Nor shall I confine my interest to the British Empire as a unique phenomenon , since it is to an important extent a collection of ... the St. Lawrence , and Hudson Bay , and the rivers of its drainage basin 23 EMPIRE AND COMMUNICATIONS.
Author: Harold Adams Innis
Publisher: Rowman & Littlefield
ISBN: 0742555089
Category: History
Page: 287
View: 519
Talks about how media influence the development of consciousness and societies. This work traces humanity's movement from the oral tradition of preliterate cultures to the electronic media. It presents the author's own influential concepts of oral communication, time and space bias, and monopolies of knowledge.
-This is one of Innis's most important contributions to the debate about how media influences the development of consciousness and societies.
Author: Harold A. Innis
Publisher: Dundurn
ISBN: 9781550026627
Category: Language Arts & Disciplines
Page: 287
View: 142
"Empire and Communications" is one of Innis's most important contributions to the debate about how media influences the development of consciousness and societies.-This is one of Innis's most important contributions to the debate about how media influences the development of consciousness and societies.
Also see Harold A. Innis, Empire and Communications (Toronto: University of Toronto Press, 1972); and his The Bias of Communication (Toronto: University of Toronto Press, 1971). In Empire and Communications — now considered a seminal ...
Author: Mark D. Alleyne
Publisher: Springer
ISBN: 9781349241859
Category: Political Science
Page: 184
View: 835
Over seven chapters the book shows how international communication has been shaped by the structure of international political power and how these means of global communication have in turn been strategic tools for the exercise of international political power. There are separate chapters on global news flows, the international trade in cultural products (films, books, advertising, recorded music, periodicals and books), and government propaganda activities. The politics of the International Telecommunication Union (ITU), the Universal Postal Union (UPU) and the World Intellectual Property Organisation (WIPO) are analysed.
Oliver Boyd-Barrett. MEDIA GLOBALIZATION AND EMPIRE Edited by Oliver Boyd-Barrett Communications Media, Globalization and Empire Communications Media, Globalization and Empire. COMMUNICATIONS Front Cover.
Author: Oliver Boyd-Barrett
Publisher: Indiana University Press
ISBN: 9780861969142
Category: Social Science
Page: 434
View: 481
An exploration of the political economy of media, and to what extent global communications and popular entertainment continue to serve elite interests. In Communications Media, Globalization, and Empire, an international team of experts analyzes and critiques the political economy of media communications worldwide.

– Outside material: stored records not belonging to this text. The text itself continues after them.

theorem good_orbit_quantifier:
  assumes G: "perm_subgroup G"
    and segments: "\<And>a. countable (underS W a) \<and> rigid_on R (underS W a)"
  shows "good W (orbit_quantifier G R)"
  unfolding good_def
proof (intro conjI allI impI q_closed_orbit_quantifier down_closed_orbit_quantifier)
  fix a p assume p: "inj_on p (underS W a)" and pc: "compatible (underS W a) p (orbit_quantifier G R)"
  have "R \<inter> underS W a \<times> underS W a \<in> orbit_quantifier G R"
    by (rule subset_in_orbit_quantifier[OF G]) blast
  then have "pimg p (R \<inter> underS W a \<times> underS W a) \<in> orbit_quantifier G R"
    using pc[unfolded compatible_def, rule_format, of "R \<inter> underS W a \<times> underS W a"] by blast
  moreover have "countable (underS W a)" "rigid_on R (underS W a)" using segments by auto
  ultimately obtain g where g: "g \<in> G" "\<forall>x\<in>underS W a. g x = p x"
    using orbit_quantifier_rigid_extension[OF G _ _ p] by blast
  moreover have "bij g" using g(1) G unfolding perm_subgroup_def by blast
  ultimately show "\<exists>f. bij f \<and> fixes_Q f (orbit_quantifier G R) \<and> (\<forall>x\<in>underS W a. f x = p x)"
    using orbit_quantifier_fixed[OF G] by blast
qed


section \<open>Initial segments of omega_1\<close>

lemma omega1_order_wo_rel:
  assumes "omega1_order W"
  shows "wo_rel W" "Field W = UNIV"
  using assms well_order_on_Field[of UNIV W] unfolding omega1_order_def wo_rel_def by auto

text \<open>Every element has a strict upper bound, as its initial segment is countable.\<close>
lemma omega1_order_AboveS:
  assumes W: "omega1_order W"
  shows "AboveS W {x} \<noteq> {}"
proof -
  have "countable (insert x (underS W x))" using W unfolding omega1_order_def by simp
  then obtain y where y: "y \<notin> insert x (underS W x)"
    using W unfolding omega1_order_def by (metis UNIV_eq_I)
  then have "(x, y) \<in> W"
    using wo_rel.TOTALS[OF omega1_order_wo_rel(1)[OF W]] omega1_order_wo_rel(2)[OF W]
    unfolding underS_def by blast
  with y show ?thesis unfolding AboveS_def omega1_order_wo_rel(2)[OF W] by blast
qed

lemma omega1_order_bounded:
  assumes W: "omega1_order W" and D: "countable D"
  shows "\<exists>a. D \<subseteq> underS W a"
proof -
  have "countable (D \<union> (\<Union>x\<in>D. underS W x))" using W D unfolding omega1_order_def by auto
  then obtain a where a: "a \<notin> D \<union> (\<Union>x\<in>D. underS W x)"
    using W unfolding omega1_order_def by (metis UNIV_eq_I)
  have "D \<subseteq> underS W a"
    using a wo_rel.TOTALS[OF omega1_order_wo_rel(1)[OF W]] omega1_order_wo_rel(2)[OF W]
    unfolding underS_def by blast
  then show ?thesis by blast
qed

text \<open>The first omega elements of omega_1: an injective increasing chain lying below
  every element outside of it, obtained by iterating the successor from the minimum.\<close>
lemma omega1_initial_chain:
  assumes W: "omega1_order W"
  obtains e where "inj e" "\<And>i. (e i, e (Suc i)) \<in> W" "\<And>y j. y \<notin> range e \<Longrightarrow> (e j, y) \<in> W"
proof -
  interpret wo_rel W by (rule omega1_order_wo_rel[OF W])
  note Field = omega1_order_wo_rel(2)[OF W]
  define e where "e n = ((\<lambda>x. suc {x}) ^^ n) (minim UNIV)" for n
  have e_Suc: "e (Suc n) = suc {e n}" for n by (simp add: e_def)
  have increasing: "e n \<noteq> e (Suc n) \<and> (e n, e (Suc n)) \<in> W" for n
    using suc_greater[of "{e n}" "e n"] omega1_order_AboveS[OF W] Field by (auto simp: e_Suc)
  have mono: "(e i, e j) \<in> W" if "i \<le> j" for i j
    using that
  proof (induction j rule: dec_induct)
    case base show ?case using REFL Field unfolding refl_on_def by blast
  next
    case (step j) then show ?case using increasing[of j] TRANS by (meson transD)
  qed
  have "inj e"
  proof (rule linorder_injI)
    fix i j :: nat assume "i < j"
    then have "(e (Suc i), e j) \<in> W" using mono by simp
    then show "e i \<noteq> e j" using increasing[of i] ANTISYM by (metis antisymD)
  qed
  moreover have "(e j, y) \<in> W" if y: "y \<notin> range e" for y j
  proof (induction j)
    case 0
    show ?case using minim_least[of UNIV y] Field by (simp add: e_def)
  next
    case (Suc j)
    have "y \<noteq> e j" using y by blast
    with Suc.IH have "y \<in> AboveS {e j}" unfolding AboveS_def Field by blast
    then show ?case unfolding e_Suc by (rule suc_least_AboveS)
  qed
  ultimately show ?thesis using that increasing by blast
qed

lemma ofilter_chain_closed:
  assumes "ofilter W A" "\<And>i. (e i, e (Suc i)) \<in> W" "\<And>y j. y \<notin> range e \<Longrightarrow> (e j, y) \<in> W"
  shows "chain_closed e A"
  using assms unfolding chain_closed_def ofilter_def under_def by blast

theorem proposition26:
  fixes W :: "'a rel" and G :: "('a \<Rightarrow> 'a) set"
  assumes "omega1_order W"
    and CH: "(UNIV :: nat set set) \<approx> (UNIV :: 'a set)"
    and "perm_subgroup G"
    and "closed_in_sub {f. bij f} G"
    and "Baire_idx (UNIV :: 'a set) G"
  shows "\<exists>Q. good W Q \<and> Aut Q = G"
proof -
  note W = assms(1) and G = assms(3) and closed = assms(4)
  obtain h :: "nat set \<Rightarrow> 'a" where "bij_betw h UNIV UNIV" using CH unfolding eqpoll_def by blast
  define c where "c = inv h"
  then have c: "inj c" using \<open>bij_betw h UNIV UNIV\<close> by (simp add: bij_betw_def surj_imp_inj_inv)
  obtain e where e: "inj e" "\<And>i. (e i, e (Suc i)) \<in> W" "\<And>y j. y \<notin> range e \<Longrightarrow> (e j, y) \<in> W"
    using omega1_initial_chain[OF W] by blast
  have segments: "countable (underS W a) \<and> rigid_on (coded_rel e c) (underS W a)" for a
  proof
    show "countable (underS W a)" using W unfolding omega1_order_def by blast
    have "ofilter W (underS W a)" by (rule wo_rel.underS_ofilter[OF omega1_order_wo_rel(1)[OF W]])
    then have "chain_closed e (underS W a)" using e(2,3) by (rule ofilter_chain_closed)
    then show "rigid_on (coded_rel e c) (underS W a)" by (rule rigid_on_coded_rel[OF e(1) c])
  qed
  have cover: "\<exists>S. D \<subseteq> S \<and> countable S \<and> rigid_on (coded_rel e c) S" if D: "countable D" for D
  proof -
    obtain a where "D \<subseteq> underS W a" using omega1_order_bounded[OF W D] by blast
    then show ?thesis using segments[of a] by blast
  qed
  have "good W (orbit_quantifier G (coded_rel e c))" by (rule good_orbit_quantifier[OF G segments])
  moreover have "Aut (orbit_quantifier G (coded_rel e c)) = G"
    by (rule Aut_orbit_quantifier[OF G closed cover])
  ultimately show ?thesis by blast
qed

end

Their analysis takes particular account of the sometimes conflicting pressures of globalization and “neo-imperialism.” The first is commonly defined as the dismantling of barriers to trade and cultural exchange and responds significantly to lobbying of the world’s largest corporations, including media corporations. The second concerns US pursuit of national security interests as response to “terrorism,” at one level and, at others, to intensifying competition among both nations and corporations for global natural resources.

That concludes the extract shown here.